▶ **Data under study**:
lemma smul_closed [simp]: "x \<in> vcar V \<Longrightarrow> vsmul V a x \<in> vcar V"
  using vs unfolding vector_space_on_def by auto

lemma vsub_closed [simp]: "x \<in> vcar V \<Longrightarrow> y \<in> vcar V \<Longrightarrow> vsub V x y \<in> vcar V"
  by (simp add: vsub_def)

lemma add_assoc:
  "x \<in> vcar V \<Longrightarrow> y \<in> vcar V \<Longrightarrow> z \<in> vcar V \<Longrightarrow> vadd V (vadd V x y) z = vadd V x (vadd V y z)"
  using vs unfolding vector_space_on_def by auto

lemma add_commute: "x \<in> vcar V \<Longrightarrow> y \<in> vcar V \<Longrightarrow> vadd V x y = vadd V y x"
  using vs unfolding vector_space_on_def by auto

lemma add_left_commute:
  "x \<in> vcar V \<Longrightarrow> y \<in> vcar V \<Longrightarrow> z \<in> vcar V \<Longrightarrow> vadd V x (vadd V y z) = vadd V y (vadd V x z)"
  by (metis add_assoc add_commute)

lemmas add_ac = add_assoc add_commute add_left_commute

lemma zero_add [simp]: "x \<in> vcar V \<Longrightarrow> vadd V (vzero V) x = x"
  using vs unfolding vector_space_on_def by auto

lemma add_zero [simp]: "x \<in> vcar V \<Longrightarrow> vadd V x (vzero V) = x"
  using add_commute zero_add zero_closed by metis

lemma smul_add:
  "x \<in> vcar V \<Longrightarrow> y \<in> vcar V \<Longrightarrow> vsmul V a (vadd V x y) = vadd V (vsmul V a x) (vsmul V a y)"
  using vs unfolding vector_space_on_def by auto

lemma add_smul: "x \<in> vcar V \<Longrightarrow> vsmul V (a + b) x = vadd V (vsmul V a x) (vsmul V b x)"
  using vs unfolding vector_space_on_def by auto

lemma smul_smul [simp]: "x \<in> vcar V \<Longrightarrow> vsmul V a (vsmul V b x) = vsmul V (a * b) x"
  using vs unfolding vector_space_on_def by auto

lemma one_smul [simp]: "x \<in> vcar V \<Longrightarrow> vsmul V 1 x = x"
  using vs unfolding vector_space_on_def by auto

▶ **What you are asked to do**:
Look for the word "vzero" in every line of the listing and copy the lines that have it.

▶ **Exercise output**:
lemma zero_add [simp]: "x \<in> vcar V \<Longrightarrow> vadd V (vzero V) x = x"
lemma add_zero [simp]: "x \<in> vcar V \<Longrightarrow> vadd V x (vzero V) = x"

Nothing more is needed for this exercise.